__What the task requires__
Your job is to restate each entry word for word.
__________________________________________________
(* Let $\mathcal H_A,\mathcal H_B$ be Hilbert spaces of dimension $N$, $\rho_{AB}$ a density operator on $\mathcal H_A\otimes\mathcal H_B$, and $X,Y$ projective measurements on $A$ (given by orthonormal bases of $\mathcal H_A$). Let $\vec s^{\,(x)}$ (resp. $\vec s^{\,(y)}$) be the least upper bound in the majorization lattice of the set $\{\vec p(x|x')\}$ (resp. $\{\vec p(y|y')\}$), where $X'$ (resp. $Y'$) ranges over all projective measurements on $B$ given by orthonormal bases of $\mathcal H_B$. Then for all projective measurements $X',Y'$ on $B$, $$\vec p(x|x')\oplus\vec p(y|y')\prec \vec s^{\,(x)}\oplus\vec s^{\,(y)},\qquad \vec p(x|x')\otimes\vec p(y|y')\prec \vec s^{\,(x)}\otimes\vec s^{\,(y)},\qquad \vec p(x|x')+\vec p(y|y')\prec \vec s^{\,(x)\downarrow}+\vec s^{\,(y)\downarrow},$$ i.e. $\vec p(x|x')*\vec p(y|y')\prec\vec s^{\,(x)}*\vec s^{\,(y)}$ for each binary operation $*$ among direct sum (concatenation), direct (Kronecker) product, and vector sum of descending-ordered vectors.
   Context: For a measurement $X$ on $A$ with basis $\{|x_i\rangle\}$ and $X'$ on $B$ with basis $\{|x'_\mu\rangle\}$, set $P_{i\mu}=\langle x_i|\otimes\langle x'_\mu|\,\rho_{AB}\,|x_i\rangle\otimes|x'_\mu\rangle$, $\vec p^{\,(\mu)}(x)=(P_{1\mu},\dots,P_{N\mu})$, and define the majorized marginal $\vec p(x|x')=\sum_{\mu=1}^N\vec p^{\,(\mu)\downarrow}(x)$, where $\downarrow$ denotes rearrangement of components in descending order; similarly for $\vec p(y|y')$. Majorization: for real vectors of equal length, $\vec a\prec\vec b$ means that after sorting both in descending order, $\sum_{i=1}^k a_i\le\sum_{i=1}^k b_i$ for every $k$, with equality when $k$ is the full length. The set of descending-ordered probability vectors is a lattice under $\prec$, and the least upper bound of $\{\vec p(x|x')\}$ exists in it. *)

theory Defs
  imports Complex_Main
begin

text \<open>The Hilbert spaces H_A, H_B are C^N with coordinates indexed by
  {0..<N}; a vector is a function nat => complex (only indices < N matter).
  H_A (x) H_B is indexed by pairs (a,b) in {0..<N} x {0..<N}.
  A projective measurement is an orthonormal basis, given as a family
  X :: nat => (nat => complex), with X i the i-th basis vector (i < N).\<close>

definition idx2 :: "nat \<Rightarrow> (nat \<times> nat) set" where
  "idx2 N = {0..<N} \<times> {0..<N}"
definition regular :: "int list \<Rightarrow> bool" where
  "regular c \<longleftrightarrow> (\<forall>n::int. n > 0 \<longrightarrow> locally_represented c n \<longrightarrow> represented c n)"

definition in_DQ_closure :: "int \<Rightarrow> int list \<Rightarrow> (nat \<Rightarrow> int) \<Rightarrow> bool" where
  "in_DQ_closure p c \<gamma> \<longleftrightarrow>
     (\<exists>y :: nat \<Rightarrow> nat \<Rightarrow> int. (\<forall>i<length c. padic p (y i)) \<and>
        (\<forall>m. [(\<Sum>i<length c. c ! i * (y i m)\<^sup>2) = \<gamma> m] (mod p ^ m)))"

definition p_unstable :: "int \<Rightarrow> int list \<Rightarrow> bool" where
  "p_unstable p c \<longleftrightarrow> (\<exists>\<gamma>. padic p \<gamma> \<and> \<not> in_DQ_closure p c \<gamma>)"

definition s_exp :: "int \<Rightarrow> int \<Rightarrow> nat" where
  "s_exp p ai = (if p dvd ai then 0 else 2)"

definition s_min :: "int \<Rightarrow> int list \<Rightarrow> nat" where
  "s_min p a = Min ((\<lambda>ai. multiplicity p (p ^ s_exp p ai * ai)) ` set a)"

(* lambda_p: a_i \<mapsto> p^(s_i - s) a_i, computed as (p^s_i a_i) / p^s (exact division) *)
definition lambda_p :: "int \<Rightarrow> int list \<Rightarrow> int list" where
  "lambda_p p a = map (\<lambda>ai. (p ^ s_exp p ai * ai) div p ^ s_min p a) a"

end

theory Submission imports Defs begin

text \<open>Put \<open>k = (p - 1)/2\<close>. Substituting \<open>x\<^sub>i = p y\<^sub>i + k\<close> in the coordinates with
  \<open>p \<nmid> a\<^sub>i\<close> turns \<open>x\<^sub>i(x\<^sub>i + 1)\<close> into \<open>p\<^sup>2 y\<^sub>i(y\<^sub>i + 1) + k(k + 1)\<close>, so that
  \<open>T(a)(x) = p\<^sup>s T(\<lambda>\<^sub>p a)(y) + K\<close> with a constant \<open>K \<ge> 0\<close>. If \<open>n\<close> is locally
  represented by \<open>\<lambda>\<^sub>p(T(a))\<close>, then \<open>p\<^sup>s n + K\<close> is locally, hence by regularity globally,
  represented by \<open>T(a)\<close>, say by \<open>x\<close>. With \<open>z\<^sub>i = 2x\<^sub>i + 1\<close> the unimodular part
  \<open>\<Sum>\<^sub>p\<^sub>\<nmid>\<^sub>a\<^sub>i a\<^sub>i z\<^sub>i\<^sup>2\<close> vanishes mod \<open>p\<close>. An isotropic unimodular part would, by Hensel's
  lemma, represent all of \<open>\<int>\<^sub>p\<close>; as \<open>T(a)\<close> is \<open>p\<close>-unstable, all these \<open>z\<^sub>i\<close> are divisible
  by \<open>p\<close>, i.e. \<open>x\<^sub>i \<equiv> k (mod p)\<close>, and \<open>x\<close> comes from an integral \<open>y\<close> representing \<open>n\<close>.\<close>

lemma padic_Suc_cong: "padic q g \<Longrightarrow> [g (Suc m) = g m] (mod q^m)"
  unfolding padic_def cong_def by (metis mod_pos_pos_trivial)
__________________________________________________
__Result below__
(* Let $\mathcal H_A,\mathcal H_B$ be Hilbert spaces of dimension $N$, $\rho_{AB}$ a density operator on $\mathcal H_A\otimes\mathcal H_B$, and $X,Y$ projective measurements on $A$ (given by orthonormal bases of $\mathcal H_A$). Let $\vec s^{\,(x)}$ (resp. $\vec s^{\,(y)}$) be the least upper bound in the majorization lattice of the set $\{\vec p(x|x')\}$ (resp. $\{\vec p(y|y')\}$), where $X'$ (resp. $Y'$) ranges over all projective measurements on $B$ given by orthonormal bases of $\mathcal H_B$. Then for all projective measurements $X',Y'$ on $B$, $$\vec p(x|x')\oplus\vec p(y|y')\prec \vec s^{\,(x)}\oplus\vec s^{\,(y)},\qquad \vec p(x|x')\otimes\vec p(y|y')\prec \vec s^{\,(x)}\otimes\vec s^{\,(y)},\qquad \vec p(x|x')+\vec p(y|y')\prec \vec s^{\,(x)\downarrow}+\vec s^{\,(y)\downarrow},$$ i.e. $\vec p(x|x')*\vec p(y|y')\prec\vec s^{\,(x)}*\vec s^{\,(y)}$ for each binary operation $*$ among direct sum (concatenation), direct (Kronecker) product, and vector sum of descending-ordered vectors.
   Context: For a measurement $X$ on $A$ with basis $\{|x_i\rangle\}$ and $X'$ on $B$ with basis $\{|x'_\mu\rangle\}$, set $P_{i\mu}=\langle x_i|\otimes\langle x'_\mu|\,\rho_{AB}\,|x_i\rangle\otimes|x'_\mu\rangle$, $\vec p^{\,(\mu)}(x)=(P_{1\mu},\dots,P_{N\mu})$, and define the majorized marginal $\vec p(x|x')=\sum_{\mu=1}^N\vec p^{\,(\mu)\downarrow}(x)$, where $\downarrow$ denotes rearrangement of components in descending order; similarly for $\vec p(y|y')$. Majorization: for real vectors of equal length, $\vec a\prec\vec b$ means that after sorting both in descending order, $\sum_{i=1}^k a_i\le\sum_{i=1}^k b_i$ for every $k$, with equality when $k$ is the full length. The set of descending-ordered probability vectors is a lattice under $\prec$, and the least upper bound of $\{\vec p(x|x')\}$ exists in it. *)

theory Defs
  imports Complex_Main
begin

text \<open>The Hilbert spaces H_A, H_B are C^N with coordinates indexed by
  {0..<N}; a vector is a function nat => complex (only indices < N matter).
  H_A (x) H_B is indexed by pairs (a,b) in {0..<N} x {0..<N}.
  A projective measurement is an orthonormal basis, given as a family
  X :: nat => (nat => complex), with X i the i-th basis vector (i < N).\<close>

definition idx2 :: "nat \<Rightarrow> (nat \<times> nat) set" where
  "idx2 N = {0..<N} \<times> {0..<N}"
definition regular :: "int list \<Rightarrow> bool" where
  "regular c \<longleftrightarrow> (\<forall>n::int. n > 0 \<longrightarrow> locally_represented c n \<longrightarrow> represented c n)"

definition in_DQ_closure :: "int \<Rightarrow> int list \<Rightarrow> (nat \<Rightarrow> int) \<Rightarrow> bool" where
  "in_DQ_closure p c \<gamma> \<longleftrightarrow>
     (\<exists>y :: nat \<Rightarrow> nat \<Rightarrow> int. (\<forall>i<length c. padic p (y i)) \<and>
        (\<forall>m. [(\<Sum>i<length c. c ! i * (y i m)\<^sup>2) = \<gamma> m] (mod p ^ m)))"

definition p_unstable :: "int \<Rightarrow> int list \<Rightarrow> bool" where
  "p_unstable p c \<longleftrightarrow> (\<exists>\<gamma>. padic p \<gamma> \<and> \<not> in_DQ_closure p c \<gamma>)"

definition s_exp :: "int \<Rightarrow> int \<Rightarrow> nat" where
  "s_exp p ai = (if p dvd ai then 0 else 2)"

definition s_min :: "int \<Rightarrow> int list \<Rightarrow> nat" where
  "s_min p a = Min ((\<lambda>ai. multiplicity p (p ^ s_exp p ai * ai)) ` set a)"

(* lambda_p: a_i \<mapsto> p^(s_i - s) a_i, computed as (p^s_i a_i) / p^s (exact division) *)
definition lambda_p :: "int \<Rightarrow> int list \<Rightarrow> int list" where
  "lambda_p p a = map (\<lambda>ai. (p ^ s_exp p ai * ai) div p ^ s_min p a) a"

end

theory Submission imports Defs begin

text \<open>Put \<open>k = (p - 1)/2\<close>. Substituting \<open>x\<^sub>i = p y\<^sub>i + k\<close> in the coordinates with
  \<open>p \<nmid> a\<^sub>i\<close> turns \<open>x\<^sub>i(x\<^sub>i + 1)\<close> into \<open>p\<^sup>2 y\<^sub>i(y\<^sub>i + 1) + k(k + 1)\<close>, so that
  \<open>T(a)(x) = p\<^sup>s T(\<lambda>\<^sub>p a)(y) + K\<close> with a constant \<open>K \<ge> 0\<close>. If \<open>n\<close> is locally
  represented by \<open>\<lambda>\<^sub>p(T(a))\<close>, then \<open>p\<^sup>s n + K\<close> is locally, hence by regularity globally,
  represented by \<open>T(a)\<close>, say by \<open>x\<close>. With \<open>z\<^sub>i = 2x\<^sub>i + 1\<close> the unimodular part
  \<open>\<Sum>\<^sub>p\<^sub>\<nmid>\<^sub>a\<^sub>i a\<^sub>i z\<^sub>i\<^sup>2\<close> vanishes mod \<open>p\<close>. An isotropic unimodular part would, by Hensel's
  lemma, represent all of \<open>\<int>\<^sub>p\<close>; as \<open>T(a)\<close> is \<open>p\<close>-unstable, all these \<open>z\<^sub>i\<close> are divisible
  by \<open>p\<close>, i.e. \<open>x\<^sub>i \<equiv> k (mod p)\<close>, and \<open>x\<close> comes from an integral \<open>y\<close> representing \<open>n\<close>.\<close>

lemma padic_Suc_cong: "padic q g \<Longrightarrow> [g (Suc m) = g m] (mod q^m)"
  unfolding padic_def cong_def by (metis mod_pos_pos_trivial)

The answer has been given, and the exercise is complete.